Targeted at achieving 15 broad objectives that have been sub-divided into eight general and seven specific, the AfCFTA agreement will be executed in two phases.
The phase one, whose scope covers trade in goods and trade in services, has already been ratified by the Assembly; while the phase two, which requires further negotiation on protocols, covers intellectual property rights, investments, and competition policy.
Baring any amendments, the phase two of the agreement will be presented at the AU General Assembly slated for January 2020.
No doubt, the AfCFTA is the most significant economic decision ever taken by the African Heads of State and Government since the formation of AU in Addis Ababa, Ethiopia, on 26th May, 2001.
Of course, African leaders in the 60s and 70s had the vision of a united and powerful continent based on the Pan-Africanist utopia of a single market, free movement and a single-currency.
It was this age-long dream that became a reality when the AfCFTA was signed in Kigali, Rwanda, on 21st March 2018 with Kenya and Ghana emerging as the first countries to deposit the ratification instruments on 10th May 2018.
With ratification by Sierra Leone and the Saharawi Republic on 29th April 2019, which gave the pact its enforcement threshold of 22 ratifying countries, the AfCFTA in real sense came into force on 30th May 2019.
Yet, Nigeria’s formal ratification yesterday, at the 11th hour, has elicited so much excitement across the continent as though it has just sanctified the signing done by other countries.
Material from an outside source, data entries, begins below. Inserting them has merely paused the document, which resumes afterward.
(* Let $X$ be a rack and let $\mathcal T_2=\{0,1\}$ be the trivial rack on two elements. Then the pair $(X,\mathcal T_2)$ is productive, i.e. the homomorphism $\Gamma'_{X\times\mathcal T_2}\to\Gamma'_X\times\Gamma'_{\mathcal T_2}$ induced on commutator subgroups by the natural homomorphism $\Gamma_{X\times\mathcal T_2}\to\Gamma_X\times\Gamma_{\mathcal T_2}$ is injective.
   Context: A rack is a set $X$ with an operation $x^y$ such that $x\mapsto x^y$ is bijective for each $y$ and $(z^x)^y=(z^y)^{x^y}$. The trivial rack $\mathcal T_2$ has $a^b=a$. The product rack $X\times Y$ has $(x,a)^{(y,b)}=(x^y,a^b)$. The structure group is $\Gamma_X=\langle X\mid y^{-1}xy=x^y\text{ for all }x,y\in X\rangle$, functorial in rack morphisms; $\Gamma'$ denotes the commutator subgroup. *)

theory Defs
  imports "HOL-Algebra.Algebra"
begin

text \<open>A rack on the carrier set S with operation rop, where rop x y stands for x^y.\<close>
definition is_rack :: "'a set \<Rightarrow> ('a \<Rightarrow> 'a \<Rightarrow> 'a) \<Rightarrow> bool" where
  "is_rack S rop \<longleftrightarrow>
     (\<forall>x\<in>S. \<forall>y\<in>S. rop x y \<in> S) \<and>
     (\<forall>y\<in>S. bij_betw (\<lambda>x. rop x y) S S) \<and>
     (\<forall>x\<in>S. \<forall>y\<in>S. \<forall>z\<in>S. rop (rop z x) y = rop (rop z y) (rop x y))"

text \<open>The trivial rack T_2 on two elements (carrier UNIV :: bool set).\<close>
definition triv_op :: "bool \<Rightarrow> bool \<Rightarrow> bool" where
  "triv_op a b = a"

definition prod_op :: "('a \<Rightarrow> 'a \<Rightarrow> 'a) \<Rightarrow> ('b \<Rightarrow> 'b \<Rightarrow> 'b) \<Rightarrow>
    ('a \<times> 'b) \<Rightarrow> ('a \<times> 'b) \<Rightarrow> ('a \<times> 'b)" where
  "prod_op rop1 rop2 p q = (rop1 (fst p) (fst q), rop2 (snd p) (snd q))"

text \<open>Words in the generators: a letter (x, True) is the generator x, (x, False) its inverse.\<close>
definition words :: "'a set \<Rightarrow> ('a \<times> bool) list set" where
  "words S = {w. set (map fst w) \<subseteq> S}"

text \<open>The congruence on words defining the presentation
  \<langle>S | y^-1 x y = x^y\<rangle>: the equivalence relation generated by free
  cancellation and the rack relations, inserted anywhere in a word.\<close>
inductive sg_rel :: "'a set \<Rightarrow> ('a \<Rightarrow> 'a \<Rightarrow> 'a) \<Rightarrow> ('a \<times> bool) list \<Rightarrow> ('a \<times> bool) list \<Rightarrow> bool"
  for S rop where
  sg_refl: "w \<in> words S \<Longrightarrow> sg_rel S rop w w"
| sg_sym: "sg_rel S rop v w \<Longrightarrow> sg_rel S rop w v"
| sg_trans: "sg_rel S rop u v \<Longrightarrow> sg_rel S rop v w \<Longrightarrow> sg_rel S rop u w"
| sg_cancel: "u \<in> words S \<Longrightarrow> v \<in> words S \<Longrightarrow> x \<in> S \<Longrightarrow>
     sg_rel S rop (u @ [(x, b), (x, \<not> b)] @ v) (u @ v)"
| sg_rack: "u \<in> words S \<Longrightarrow> v \<in> words S \<Longrightarrow> x \<in> S \<Longrightarrow> y \<in> S \<Longrightarrow>
     sg_rel S rop (u @ [(y, False), (x, True), (y, True)] @ v) (u @ [(rop x y, True)] @ v)"

definition sg_class :: "'a set \<Rightarrow> ('a \<Rightarrow> 'a \<Rightarrow> 'a) \<Rightarrow> ('a \<times> bool) list \<Rightarrow> ('a \<times> bool) list set" where
  "sg_class S rop w = {v. sg_rel S rop w v}"

definition structure_group :: "'a set \<Rightarrow> ('a \<Rightarrow> 'a \<Rightarrow> 'a) \<Rightarrow> ('a \<times> bool) list set monoid" where
  "structure_group S rop =
     \<lparr> carrier = sg_class S rop ` words S,
       monoid.mult = (\<lambda>A B. {v. \<exists>a\<in>A. \<exists>b\<in>B. sg_rel S rop (a @ b) v}),
       monoid.one = sg_class S rop [] \<rparr>"

text \<open>The natural map Gamma_{S x T2} -> Gamma_X x Gamma_{T2}, induced by the two
  projection rack morphisms (applied letterwise to representing words).\<close>
definition natural_map :: "'a set \<Rightarrow> ('a \<Rightarrow> 'a \<Rightarrow> 'a) \<Rightarrow> 'b set \<Rightarrow> ('b \<Rightarrow> 'b \<Rightarrow> 'b) \<Rightarrow>
    (('a \<times> 'b) \<times> bool) list set \<Rightarrow> ('a \<times> bool) list set \<times> ('b \<times> bool) list set" where
  "natural_map S rop1 Y rop2 A =
     the_elem ((\<lambda>w. (sg_class S rop1 (map (\<lambda>(p, e). (fst p, e)) w),
                     sg_class Y rop2 (map (\<lambda>(p, e). (snd p, e)) w))) ` A)"

end

theory Submission
  imports Defs
begin

text \<open>Let \<open>Y = X \<times> T\<^sub>2\<close>. The rack endomorphism \<open>(x, a) \<mapsto> (x, False)\<close> of \<open>Y\<close> induces an
  endomorphism \<open>c\<close> of \<open>\<Gamma>\<^sub>Y\<close> that factors through \<open>\<Gamma>\<^sub>X\<close> via the first projection. Since the
  rack operation of \<open>Y\<close> ignores the \<open>T\<^sub>2\<close>-coordinate of its right argument, the generators
  \<open>(x, a)\<close> and \<open>(x, b)\<close> act identically by conjugation on the generators of \<open>\<Gamma>\<^sub>Y\<close>, so their
  quotient is central; consequently \<open>g c(g)\<inverse>\<close> is central for every \<open>g\<close>. Commutators do not see
  central factors, so \<open>c\<close> fixes \<open>\<Gamma>'\<^sub>Y\<close> pointwise. Hence already the first component
  \<open>\<Gamma>'\<^sub>Y \<rightarrow> \<Gamma>'\<^sub>X\<close> of the natural map is injective.\<close>

section \<open>Centers and central defects of endomorphisms\<close>

definition centralizer :: "('g, 'b) monoid_scheme \<Rightarrow> 'g set \<Rightarrow> 'g set" where
  "centralizer G A = {y \<in> carrier G. \<forall>a\<in>A. a \<otimes>\<^bsub>G\<^esub> y = y \<otimes>\<^bsub>G\<^esub> a}"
This is understandable.
Nigeria is arguably African’s biggest market with about 200 million of the continent’s 1.3 billion people and a large chunk of the continent’s arable land as well as coastal assets, even if yet untapped.
Hence the initial foot-dragging over the signing of the free trade agreement cannot be divorced from the anxiety in official circles on the implications of the pact on Nigeria’s economy, especially the fiscal and monetary policies.
The Gross Domestic Product (GDP) in Nigeria was worth $397.30 billion in 2018 with its value representing 0.64 percent of the world economy, and a growth rate of 2.3 percent in 2019 and 2.4 percent in 2020.
Although Nigeria’s GDP is projected to be $500.00 billion by last quarter of 2019 and around $650.00 billion in 2020, it can even do much better if all stakeholders who supported Nigeria’s signing of the agreement also take steps to key-in into the expansive scope of the trade agreement.
If that is done, Nigerians must go ahead to take full advance of the opportunities presented by the continental free trade area to improve national earnings and improve the quality of life of the citizenry.
It is reassuring when President Buhari said that “Nigeria shall sustain its strong leadership role in Africa in the implementation of the AfCFTA.” No less is expected of the giant of Africa.